Sample quantile distribution

With a large sample size n, the sample quantile \hat{Q}(p) has an approximate Normal distribution, \hat{Q}(p) \approx \text{N}\left(Q(p), \frac{p(1-p)}{n f^2(Q(p))}\right) \tag{2.2} where f(y) is the density of the underlying distribution (Van der Vaart 2000, p308). This is an asymptotic result, that assumes np is large, and holds for all types of sample quantiles.

2.5 Highest density regions

A highest density region is defined as the region of the sample space where the density is higher than a given threshold (Hyndman 1996). It is commonly specified using the probability mass that the HDR contains. For example, a 95% HDR is the region of the sample space that contains 95% of the probability mass, and where every point inside the region has higher density than any point outside the region.

For the univariate random variable Y, with a smooth, continuous density function f, the 100(1-\alpha)% HDR is the set R_\alpha = \{y: f(y) \ge f_\alpha\} \tag{2.3} where P(Y \in R_\alpha) = 1-\alpha.

A useful property of the HDR is that it is the smallest region containing 1-\alpha of the probability mass.

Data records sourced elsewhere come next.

(* Let $D=(V,A)$ be a directed graph with source $s\in V$, sink $t\in V$, capacities $u\in\mathbb{R}_+^A$, interdiction costs $c\in\mathbb{R}_+^A$, and interdictor budget $B_I\ge 0$, and assume at least one arc has positive interdiction cost. For each arc $f\in A$ with $c_f>0$, let $x^{(f)}$ be an optimal solution of the linear program $[\mathrm{LP}_{\mathrm{flow}}(f)]$ (defined in the context), and let $f^*$ be an arc for which the optimal objective value of $[\mathrm{LP}_{\mathrm{flow}}(f^* )]$ is largest. Then $x^{(f^* )}$ is an optimal strategy for the flow player, i.e. $x^{(f^* )}\in\arg\max_{x\in X}\min_{z\in\Omega}\mathrm{val}(x,z)$.
   Context: $\mathcal{P}$ is the set of all $s$-$t$-paths in $D$ (a path is identified with its arc set). The flow player's strategies are the feasible path flows $X=\{x\in\mathbb{R}_+^{\mathcal{P}}:\sum_{P\in\mathcal{P}:e\in P}x_P\le u_e\ \forall e\in A\}$. After the flow player chooses $x$, the interdictor chooses $z\in\Omega=\{z\in\mathbb{R}_+^{A\times\mathcal{P}}:\sum_{e\in A}c_e\sum_{P\in\mathcal{P}:e\in P}z_{e,P}\le B_I\}$ ($z_{e,P}$ is the amount of flow stolen from path $P$ at arc $e$). The value is $\mathrm{val}(x,z)=\sum_{P\in\mathcal{P}}\big(x_P-\sum_{e\in P}z_{e,P}\big)^+$; the flow player maximizes $\min_{z\in\Omega}\mathrm{val}(x,z)$. For a fixed arc $f$ with $c_f>0$ define $B'=B_I/c_f$, $c'_e=\min\{c_e/c_f,1\}$ for $e\in A$, and $\bar c'_P=\min_{e\in P}c'_e$ for $P\in\mathcal{P}$. Then $[\mathrm{LP}_{\mathrm{flow}}(f)]$ is: maximize $\sum_{P\in\mathcal{P}}\bar c'_P x_P-B'$ subject to $\sum_{P\in\mathcal{P}:e\in P}x_P\le u_e$ for all $e\in A$ and $x_P\ge 0$ for all $P\in\mathcal{P}$. *)

theory Defs
  imports Complex_Main
begin
theorem lemma2p1:
  fixes E0 :: "'v set" and E1 :: "'e set" and s r :: "'e \<Rightarrow> 'v" and V H :: "'v set"
  assumes "graph E0 E1 s r"
    and "V \<subseteq> E0"
    and "hereditary E0 E1 s r H"
    and "hs_closure E0 E1 s r V \<subseteq> H"
    and "H \<subseteq> rtree E0 E1 s r (tree E0 E1 s r V)"
  shows "(H = hs_closure E0 E1 s r V
      \<longleftrightarrow> (\<forall>v\<in>H - tree E0 E1 s r V. \<not> infinite_emitter E0 E1 s v) \<and>
          (\<forall>f. is_inf_path E1 s r f \<and> inf_path_verts s r f \<subseteq> H
               \<longrightarrow> inf_path_verts s r f \<inter> tree E0 E1 s r V \<noteq> {}))
    \<and> (H = hs_closure E0 E1 s r V
      \<longleftrightarrow> (\<forall>v\<in>H. finite (paths_into E0 E1 s r v (tree E0 E1 s r V))))"
proof -
  interpret dgraph E0 E1 s r using assms(1) by unfold_locales
  let ?T = "tree E0 E1 s r V"
  let ?no_emitter = "\<forall>v\<in>H - ?T. \<not> infinite_emitter E0 E1 s v"
  let ?paths_meet = "\<forall>f. is_inf_path E1 s r f \<and> inf_path_verts s r f \<subseteq> H
    \<longrightarrow> inf_path_verts s r f \<inter> ?T \<noteq> {}"
  let ?finite_paths = "\<forall>v\<in>H. finite (paths_into E0 E1 s r v ?T)"
  have closure: "hs_closure E0 E1 s r V = saturation ?T"
    using hs_closure_eq_saturation[OF assms(2)] .
  have "?no_emitter \<and> ?paths_meet" if "H = saturation ?T"
  proof (intro conjI ballI allI impI)
    show "\<not> infinite_emitter E0 E1 s v" if "v \<in> H - ?T" for v
      using not_infinite_emitter_saturation that \<open>H = saturation ?T\<close> by blast
    fix f assume f: "is_inf_path E1 s r f \<and> inf_path_verts s r f \<subseteq> H"
    then have "s (f 0) \<in> saturation ?T" using that unfolding inf_path_verts_def by auto
    with f show "inf_path_verts s r f \<inter> ?T \<noteq> {}" using inf_path_from_saturation_meets by blast
  qed
  moreover have "?finite_paths" if "H = saturation ?T"
    using finite_paths_into_saturation that by blast
  moreover have "H = saturation ?T" if "?no_emitter" "?paths_meet"
  proof -
    have "?T \<subseteq> saturation ?T" by (blast intro: saturation.base)
    from subset_saturated_if_inf_paths_meet[OF saturation_saturated this assms(3,5) that]
    have "H \<subseteq> saturation ?T" .
    with assms(4) closure show ?thesis by blast
  qed
  moreover have "?no_emitter \<and> ?paths_meet" if ?finite_paths
    using not_infinite_emitter_if_finite_paths_into[OF assms(3,5) that]
      inf_path_meets_if_finite_paths_into[OF assms(3,5) that] by blast
  ultimately show ?thesis unfolding closure by argo
qed
(* Let $A,B,C$ be non-collinear points of the real affine plane. Let $A^{+},A^{-}$ be points on line $\overleftrightarrow{BC}$, $B^{+},B^{-}$ points on line $\overleftrightarrow{CA}$, and $C^{+},C^{-}$ points on line $\overleftrightarrow{AB}$, with $A^{+}\neq C$, $A^{-}\neq B$, $B^{+}\neq A$, $B^{-}\neq C$, $C^{+}\neq B$, $C^{-}\neq A$. Define $$a^{+}=\frac{|BA^{+}|}{|A^{+}C|},\quad b^{+}=\frac{|CB^{+}|}{|B^{+}A|},\quad c^{+}=\frac{|AC^{+}|}{|C^{+}B|},\quad a^{-}=\frac{|CA^{-}|}{|A^{-}B|},\quad b^{-}=\frac{|AB^{-}|}{|B^{-}C|},\quad c^{-}=\frac{|BC^{-}|}{|C^{-}A|}.$$ Let $\widehat{B^{-}C^{+}}$ be the intersection point of the lines $\overleftrightarrow{BB^{-}}$ and $\overleftrightarrow{CC^{+}}$, $\widehat{C^{-}A^{+}}$ the intersection of $\overleftrightarrow{CC^{-}}$ and $\overleftrightarrow{AA^{+}}$, and $\widehat{A^{-}B^{+}}$ the intersection of $\overleftrightarrow{AA^{-}}$ and $\overleftrightarrow{BB^{+}}$ (intersections taken in the projective plane, so a point may be at infinity when the two lines are parallel). Then these three points lie on a common (projective) line if and only if $$a^{+}b^{+}c^{+}+a^{-}b^{-}c^{-}=-1+a^{+}a^{-}+b^{+}b^{-}+c^{+}c^{-}.$$
   Context: Segment lengths are signed: for points on one of the lines $\overleftrightarrow{AB}$, $\overleftrightarrow{BC}$, $\overleftrightarrow{CA}$, $|PQ|$ is positive when $\overrightarrow{PQ}$ points in the direction of $\overrightarrow{AB}$, $\overrightarrow{BC}$, $\overrightarrow{CA}$ respectively; with $|PP|/|PQ|=0$. Equivalently, e.g. $A^{+}=(B+a^{+}C)/(1+a^{+})$ and $A^{-}=(a^{-}B+C)/(1+a^{-})$ as vectors, and similarly for the other points. The hypotheses guarantee that each pair of lines whose intersection is taken is a pair of distinct lines. *)

theory Defs
  imports "HOL-Analysis.Analysis"
begin

text \<open>Signed ratio |PX|/|XQ| for X on the line PQ: the unique t with X - P = t (Q - X).\<close>
definition sratio :: "real^2 \<Rightarrow> real^2 \<Rightarrow> real^2 \<Rightarrow> real" where
  "sratio P X Q = (THE t. X - P = t *\<^sub>R (Q - X))"

definition hom :: "real^2 \<Rightarrow> real^3" where
  "hom P = vector [P$1, P$2, 1]"

definition pline :: "real^2 \<Rightarrow> real^2 \<Rightarrow> real^3" where
  "pline P Q = cross3 (hom P) (hom Q)"

definition pmeet :: "real^3 \<Rightarrow> real^3 \<Rightarrow> real^3" where
  "pmeet l m = cross3 l m"

definition pcollinear :: "real^3 \<Rightarrow> real^3 \<Rightarrow> real^3 \<Rightarrow> bool" where
  "pcollinear p q r \<longleftrightarrow> (\<exists>l::real^3. l \<noteq> 0 \<and> l \<bullet> p = 0 \<and> l \<bullet> q = 0 \<and> l \<bullet> r = 0)"

end

theory Submission
  imports Defs
begin

text \<open>In homogeneous coordinates the meet of the cevians through \<open>B\<close> and \<open>C\<close> is, up to a nonzero
  factor, \<open>hom A + c\<^sup>+ hom B + b\<^sup>- hom C\<close>, and cyclically for the other two meets. The three meets
  are therefore collinear iff the determinant of the coefficient matrix with rows
  \<open>(1, c\<^sup>+, b\<^sup>-)\<close>, \<open>(c\<^sup>-, 1, a\<^sup>+)\<close>, \<open>(b\<^sup>+, a\<^sup>-, 1)\<close> vanishes, which is the stated identity; the
  triangle being nondegenerate makes \<open>hom A, hom B, hom C\<close> a basis.\<close>

lemma pcollinear_iff_det: "pcollinear p q r \<longleftrightarrow> det (vector [p, q, r] :: real^3^3) = 0"
proof -
  let ?M = "vector [p, q, r] :: real^3^3"
  have kernel: "?M *v l = 0 \<longleftrightarrow> l \<bullet> p = 0 \<and> l \<bullet> q = 0 \<and> l \<bullet> r = 0" for l
    by (simp add: vec_eq_iff forall_3 matrix_vector_mult_def inner_vec_def sum_3 mult.commute)
  have "det ?M = 0 \<longleftrightarrow> \<not> invertible ?M"
    using invertible_det_nz by blast
  also have "\<dots> \<longleftrightarrow> \<not> (\<forall>l. ?M *v l = 0 \<longrightarrow> l = 0)"
    using invertible_left_inverse matrix_left_invertible_ker by blast
  also have "\<dots> \<longleftrightarrow> pcollinear p q r"
    unfolding pcollinear_def kernel by blast
  finally show ?thesis by simp
qed

lemma pcollinear_scaleR:
  assumes "a \<noteq> 0" "b \<noteq> 0" "c \<noteq> 0"
  shows "pcollinear (a *\<^sub>R p) (b *\<^sub>R q) (c *\<^sub>R r) \<longleftrightarrow> pcollinear p q r"
  using assms by (simp add: pcollinear_def)

lemma sratio_eq:
  assumes "X \<in> affine hull {P, Q}" "X \<noteq> Q"
  shows "X - P = sratio P X Q *\<^sub>R (Q - X)"
proof -
  obtain s t where comb: "X = s *\<^sub>R P + t *\<^sub>R Q" and "s + t = 1"
    using assms(1) affine_hull_2 by blast
  then have "s = 1 - t" by simp
  with comb have X: "X = P + t *\<^sub>R (Q - P)"
    by (simp add: algebra_simps)
  have "t \<noteq> 1"
    using X assms(2) by auto
  have "X - P = t *\<^sub>R (Q - P)" "Q - X = (1 - t) *\<^sub>R (Q - P)"
    unfolding X by (simp_all add: algebra_simps)
  with \<open>t \<noteq> 1\<close> have ratio: "X - P = (t / (1 - t)) *\<^sub>R (Q - X)"
    by simp
  have "Q - X \<noteq> 0"
    using assms(2) by simp
  with ratio have "\<exists>!c. X - P = c *\<^sub>R (Q - X)"
    by (metis scaleR_cancel_right)
  then show ?thesis
    unfolding sratio_def by (rule theI')
qed

lemma hom_affine_combination:
  assumes "u + v = 1"
  shows "hom (u *\<^sub>R P + v *\<^sub>R Q) = u *\<^sub>R hom P + v *\<^sub>R hom Q"
  using assms unfolding hom_def by (simp add: vec_eq_iff forall_3 algebra_simps)

lemma hom_on_line:
  assumes "X \<in> affine hull {P, Q}" "X \<noteq> Q" "P \<noteq> Q"
  shows "1 + sratio P X Q \<noteq> 0"
    and "hom X = (1 / (1 + sratio P X Q)) *\<^sub>R (hom P + sratio P X Q *\<^sub>R hom Q)"
proof -
  let ?a = "sratio P X Q"
  have X: "(1 + ?a) *\<^sub>R X = P + ?a *\<^sub>R Q"
    using sratio_eq[OF assms(1,2)] by (simp add: algebra_simps)
  show a: "1 + ?a \<noteq> 0"
  proof
    assume "1 + ?a = 0"
    then have "P - Q = 0"
      using X by (simp add: algebra_simps add_eq_0_iff)
    with assms(3) show False by simp
  qed
  have "X = (1 / (1 + ?a)) *\<^sub>R P + (?a / (1 + ?a)) *\<^sub>R Q"
    using arg_cong[OF X, of "scaleR (1 / (1 + ?a))"] a by (simp add: scaleR_right_distrib)
  moreover have "1 / (1 + ?a) + ?a / (1 + ?a) = 1"
    using a by (simp add: add_divide_distrib[symmetric])
  ultimately have "hom X = (1 / (1 + ?a)) *\<^sub>R hom P + (?a / (1 + ?a)) *\<^sub>R hom Q"
    by (metis hom_affine_combination)
  then show "hom X = (1 / (1 + ?a)) *\<^sub>R (hom P + ?a *\<^sub>R hom Q)"
    by (simp add: scaleR_right_distrib)
qed

lemma collinear_0_if_wedge_eq_0:
  fixes x y :: "real^2"
  assumes "x $ 1 * y $ 2 - x $ 2 * y $ 1 = 0"
  shows "collinear {0, x, y}"
proof (cases "x = 0")
  case True
  then show ?thesis by (simp add: collinear_lemma)
next
  case False
  then consider "x $ 1 \<noteq> 0" | "x $ 2 \<noteq> 0"
    by (auto simp: vec_eq_iff forall_2)
  then have "\<exists>c. y = c *\<^sub>R x"
  proof cases
    case 1
    with assms have "y = (y $ 1 / x $ 1) *\<^sub>R x"
      by (simp add: vec_eq_iff forall_2 field_simps)
    then show ?thesis ..
  next
    case 2
    with assms have "y = (y $ 2 / x $ 2) *\<^sub>R x"
      by (simp add: vec_eq_iff forall_2 field_simps)
    then show ?thesis ..
  qed
  then show ?thesis by (simp add: collinear_lemma)
qed

lemma det_hom_neq_0:
  assumes "\<not> collinear {A, B, C}"
  shows "det (vector [hom A, hom B, hom C] :: real^3^3) \<noteq> 0"
proof
  assume "det (vector [hom A, hom B, hom C] :: real^3^3) = 0"
  then have "(A - B) $ 1 * (C - B) $ 2 - (A - B) $ 2 * (C - B) $ 1 = 0"
    by (simp add: hom_def det_3 algebra_simps)
  then have "collinear {0, A - B, C - B}"
    by (rule collinear_0_if_wedge_eq_0)
  with assms show False
    by (subst (asm) collinear_3[symmetric]) auto
qed

lemma cross3_cross3_cevians:
  "cross3 (cross3 v (k *\<^sub>R (u + b *\<^sub>R w))) (cross3 w (k' *\<^sub>R (u + c *\<^sub>R v)))
     = (k * k' * det (vector [u, v, w])) *\<^sub>R (u + c *\<^sub>R v + b *\<^sub>R w)"
  by (simp add: cross3_simps forall_3)

lemma det_cevian_meets:
  fixes u v w :: "real^3"
  shows "det (vector [u + cp *\<^sub>R v + bm *\<^sub>R w, v + ap *\<^sub>R w + cm *\<^sub>R u, w + bp *\<^sub>R u + am *\<^sub>R v])
       = (1 + ap * bp * cp + am * bm * cm - ap * am - bp * bm - cp * cm) * det (vector [u, v, w])"
  by (simp add: det_3 algebra_simps)

lemma det_rotate3:
  fixes u v w :: "real^3"
  shows "det (vector [v, w, u]) = det (vector [u, v, w])"
  by (simp add: det_3 algebra_simps)

lemma pcollinear_cevian_meets:
  fixes u v w :: "real^3"
  assumes D: "det (vector [u, v, w]) \<noteq> 0"
    and "k1 \<noteq> 0" "k2 \<noteq> 0" "k3 \<noteq> 0" "k4 \<noteq> 0" "k5 \<noteq> 0" "k6 \<noteq> 0"
  shows "pcollinear (cross3 (cross3 v (k4 *\<^sub>R (u + bm *\<^sub>R w))) (cross3 w (k5 *\<^sub>R (u + cp *\<^sub>R v))))
                    (cross3 (cross3 w (k6 *\<^sub>R (v + cm *\<^sub>R u))) (cross3 u (k1 *\<^sub>R (v + ap *\<^sub>R w))))
                    (cross3 (cross3 u (k2 *\<^sub>R (w + am *\<^sub>R v))) (cross3 v (k3 *\<^sub>R (w + bp *\<^sub>R u))))
     \<longleftrightarrow> ap * bp * cp + am * bm * cm = -1 + ap * am + bp * bm + cp * cm"
    (is "pcollinear ?P ?Q ?R \<longleftrightarrow> _")
proof -
  have "det (vector [v, w, u]) \<noteq> 0" "det (vector [w, u, v]) \<noteq> 0"
    using D by (simp_all add: det_rotate3)
  then have "pcollinear ?P ?Q ?R
      \<longleftrightarrow> pcollinear (u + cp *\<^sub>R v + bm *\<^sub>R w) (v + ap *\<^sub>R w + cm *\<^sub>R u) (w + bp *\<^sub>R u + am *\<^sub>R v)"
    unfolding cross3_cross3_cevians using assms by (intro pcollinear_scaleR) simp_all
  also have "\<dots> \<longleftrightarrow> (1 + ap * bp * cp + am * bm * cm - ap * am - bp * bm - cp * cm) * det (vector [u, v, w]) = 0"
    by (simp only: pcollinear_iff_det det_cevian_meets)
  also have "\<dots> \<longleftrightarrow> ap * bp * cp + am * bm * cm = -1 + ap * am + bp * bm + cp * cm"
    using D by auto
  finally show ?thesis .
qed

theorem theorem3:
  fixes A B C Ap Am Bp Bm Cp Cm :: "real^2"
  assumes "\<not> collinear {A, B, C}"
    and "Ap \<in> affine hull {B, C}" and "Am \<in> affine hull {B, C}"
    and "Bp \<in> affine hull {C, A}" and "Bm \<in> affine hull {C, A}"
    and "Cp \<in> affine hull {A, B}" and "Cm \<in> affine hull {A, B}"
    and "Ap \<noteq> C" and "Am \<noteq> B" and "Bp \<noteq> A" and "Bm \<noteq> C"
    and "Cp \<noteq> B" and "Cm \<noteq> A"
  shows "pcollinear (pmeet (pline B Bm) (pline C Cp))
                    (pmeet (pline C Cm) (pline A Ap))
                    (pmeet (pline A Am) (pline B Bp))
     \<longleftrightarrow> sratio B Ap C * sratio C Bp A * sratio A Cp B
         + sratio C Am B * sratio A Bm C * sratio B Cm A
       = -1 + sratio B Ap C * sratio C Am B + sratio C Bp A * sratio A Bm C
            + sratio A Cp B * sratio B Cm A"
proof -
  have "A \<noteq> B" "B \<noteq> C" "C \<noteq> A"
    using assms(1) by (metis collinear_2 insert_absorb2 insert_commute)+
  have "Am \<in> affine hull {C, B}" "Bm \<in> affine hull {A, C}" "Cm \<in> affine hull {B, A}"
    using assms(3,5,7) by (metis insert_commute)+
  note Ap = hom_on_line[OF assms(2,8) \<open>B \<noteq> C\<close>] and Am = hom_on_line[OF this(1) assms(9) \<open>B \<noteq> C\<close>[symmetric]]
    and Bp = hom_on_line[OF assms(4,10) \<open>C \<noteq> A\<close>] and Bm = hom_on_line[OF this(2) assms(11) \<open>C \<noteq> A\<close>[symmetric]]
    and Cp = hom_on_line[OF assms(6,12) \<open>A \<noteq> B\<close>] and Cm = hom_on_line[OF this(3) assms(13) \<open>A \<noteq> B\<close>[symmetric]]
  have D: "det (vector [hom A, hom B, hom C] :: real^3^3) \<noteq> 0"
    using det_hom_neq_0[OF assms(1)] .
  show ?thesis
    unfolding pmeet_def pline_def Ap(2) Am(2) Bp(2) Bm(2) Cp(2) Cm(2)
    by (rule pcollinear_cevian_meets[OF D]) (use Ap(1) Am(1) Bp(1) Bm(1) Cp(1) Cm(1) in simp_all)
qed

end
(* Let $\tilde L$ be a minimum-size counterexample. For every $x\in\tilde L\setminus\{0_{\tilde L},1_{\tilde L}\}$, the set $({\parallel}x)=\{y\in\tilde L: y \text{ is incomparable with } x\}$ is not a chain; that is, there exist two elements of $\tilde L$ that are incomparable with each other and each incomparable with $x$.
   Context: For a poset $P$, $x$ upper covers $y$ if $y<x$ with nothing strictly between; join-irreducible: upper covers exactly one element. For $x\in P$, ${\uparrow}x=\{y: x\le y\}$. A chain is a totally ordered subset (the empty set and singletons count as chains). $0_{\tilde L}$, $1_{\tilde L}$ are the least and greatest elements. A counterexample is a finite lattice $L$ with $|L|>1$ in which every join-irreducible $j$ satisfies $|{\uparrow}j|>|L|/2$; a minimum-size counterexample is a counterexample $\tilde L$ such that no counterexample has fewer elements. *)

theory Defs
  imports Complex_Main
begin

text \<open>A finite poset/lattice is represented by a carrier set A together with an order
relation le (only its values on A matter).\<close>

definition poset_on :: "'a set \<Rightarrow> ('a \<Rightarrow> 'a \<Rightarrow> bool) \<Rightarrow> bool" where
  "poset_on A le \<longleftrightarrow>
     (\<forall>x\<in>A. le x x) \<and>
     (\<forall>x\<in>A. \<forall>y\<in>A. le x y \<and> le y x \<longrightarrow> x = y) \<and>
     (\<forall>x\<in>A. \<forall>y\<in>A. \<forall>z\<in>A. le x y \<and> le y z \<longrightarrow> le x z)"

definition is_lub :: "'a set \<Rightarrow> ('a \<Rightarrow> 'a \<Rightarrow> bool) \<Rightarrow> 'a \<Rightarrow> 'a \<Rightarrow> 'a \<Rightarrow> bool" where
  "is_lub A le x y s \<longleftrightarrow> s \<in> A \<and> le x s \<and> le y s \<and>
     (\<forall>u\<in>A. le x u \<and> le y u \<longrightarrow> le s u)"

definition is_glb :: "'a set \<Rightarrow> ('a \<Rightarrow> 'a \<Rightarrow> bool) \<Rightarrow> 'a \<Rightarrow> 'a \<Rightarrow> 'a \<Rightarrow> bool" where
  "is_glb A le x y s \<longleftrightarrow> s \<in> A \<and> le s x \<and> le s y \<and>
     (\<forall>u\<in>A. le u x \<and> le u y \<longrightarrow> le u s)"

definition lattice_on :: "'a set \<Rightarrow> ('a \<Rightarrow> 'a \<Rightarrow> bool) \<Rightarrow> bool" where
  "lattice_on A le \<longleftrightarrow> poset_on A le \<and>
     (\<forall>x\<in>A. \<forall>y\<in>A. (\<exists>s. is_lub A le x y s) \<and> (\<exists>i. is_glb A le x y i))"

definition upper_covers :: "'a set \<Rightarrow> ('a \<Rightarrow> 'a \<Rightarrow> bool) \<Rightarrow> 'a \<Rightarrow> 'a \<Rightarrow> bool" where
  "upper_covers A le x y \<longleftrightarrow> x \<in> A \<and> y \<in> A \<and> le y x \<and> y \<noteq> x \<and>
     \<not> (\<exists>z\<in>A. le y z \<and> y \<noteq> z \<and> le z x \<and> z \<noteq> x)"

definition join_irreducible :: "'a set \<Rightarrow> ('a \<Rightarrow> 'a \<Rightarrow> bool) \<Rightarrow> 'a \<Rightarrow> bool" where
  "join_irreducible A le j \<longleftrightarrow> j \<in> A \<and> card {y. upper_covers A le j y} = 1"

definition up_set :: "'a set \<Rightarrow> ('a \<Rightarrow> 'a \<Rightarrow> bool) \<Rightarrow> 'a \<Rightarrow> 'a set" where
  "up_set A le x = {y \<in> A. le x y}"
(* Let $(G,s,t)$ be an oriented serial superedge whose principal subgraphs are $(G_1,s_1,t_1),\dots,(G_k,s_k,t_k)$, where $s=s_1$, $t_i=s_{i+1}$ for $1\le i\le k$, and $s_{k+1}=t$, and suppose each $G_i$ is non-serial. Then $\mathrm{Aut}_{\mathrm{or}}(G,s,t)\cong\prod_{i=1}^k\mathrm{Aut}_{\mathrm{or}}(G_i,s_i,t_i)$.
   Context: All graphs are finite, simple and undirected. An oriented series-parallel graph is a triple $(G,s,t)$ where $G$ is a graph and $s\neq t$ are vertices, defined recursively: (i) $G$ is a single edge with vertex set $\{s,t\}$; or (ii) (serial superedge) there are $k\ge 2$ oriented series-parallel graphs $(G_1,s_1,t_1),\dots,(G_k,s_k,t_k)$ with $s_1=s$, $t_k=t$, $t_i=s_{i+1}$ for $1\le i<k$, $V(G_i)\cap V(G_{i+1})=\{s_{i+1}\}$, $V(G_i)\cap V(G_j)=\emptyset$ for $|i-j|\ge2$, and $G=G_1\cup\dots\cup G_k$; or (iii) (parallel superedge) there are $k\ge2$ oriented series-parallel graphs $(G_1,s,t),\dots,(G_k,s,t)$ with $V(G_i)\cap V(G_j)=\{s,t\}$ for $i\neq j$ and $G=G_1\cup\dots\cup G_k$. The $G_i$ are the principal subgraphs. A graph is non-serial if it is not a serial superedge. For an oriented series-parallel graph $(H,u,v)$, $\mathrm{Aut}_{\mathrm{or}}(H,u,v)$ is the group of automorphisms of $H$ fixing both $u$ and $v$. *)

theory Defs
  imports Main "HOL-Algebra.Product_Groups"
begin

For a symmetric unimodal distribution such as the Normal or t distributions, the HDR is an interval centred on the mean (or median), with the ends given by the \alpha/2 and 1-\alpha/2 quantiles. For a skewed unimodal distribution such as the \chi^2 or Gamma distributions, the HDR is also an interval, but it is not centred on the mean (or median), and the ends are not given by symmetric quantiles. For example, Figure 2.11 shows two 90% regions for a \chi^2_5 distribution. The one shown in blue is based on the 0.05 and 0.95 quantiles, while the orange region is the 90% HDR. Notice that both are intervals, and that the orange interval is smaller than the blue interval. The value of the density at the ends of the HDR is the same, and is given by f_\alpha.

Code
interval1 <- qchisq(p = c(0.05, 0.95), 5)
den <- list(y = seq(0, 20, l = 501))
den$density <- dchisq(den$y, 5)
hdr <- hdr_table(density = den, prob = 0.90)
interval2 <- c(hdr$lower, hdr$upper)
falpha <- hdr$density
tibble(
    y = seq(0, 15, l = 501),
    fy = dchisq(y, 5)
  ) |>
  ggplot(aes(x = y, y = fy)) +
  geom_line() +
  labs(x = "y", y = "Probability Density Function: f(y)") +
  geom_line(data = tibble(x = interval1), aes(x = x, y = -0.002),
            col = "#0072B2", linewidth = 2) +
  geom_line(data = tibble(x = interval2), aes(x = x, y = 0.001),
            col = "#D55E00", linewidth = 2) +
  geom_line(
    data = tibble(x = rep(interval2[1], 2), y = c(0, falpha)),
    aes(x = x, y = y), col = "#D55E00", linetype = "dashed"
  ) +
  geom_line(
    data = tibble(x = rep(interval2[2], 2), y = c(0, falpha)),
    aes(x = x, y = y), col = "#D55E00", linetype = "dashed"
  ) +
  geom_hline(aes(yintercept = falpha), col = "#D55E00", linetype = "dashed") +
  scale_y_continuous(
    breaks = c(seq(0, 0.15, by = 0.05), falpha),
    minor_breaks = NULL,
    labels = latex2exp::TeX(c(seq(0, 0.15, by = 0.05), "$f_\\alpha$")),
  )
Figure 2.11: Highest density region for a \chi^2_5 distribution. The blue bar shows the 90% interval based on the 0.05 and 0.95 quantiles. The orange bar shows the 90% HDR, which is the smallest region containing 90% of the probability mass.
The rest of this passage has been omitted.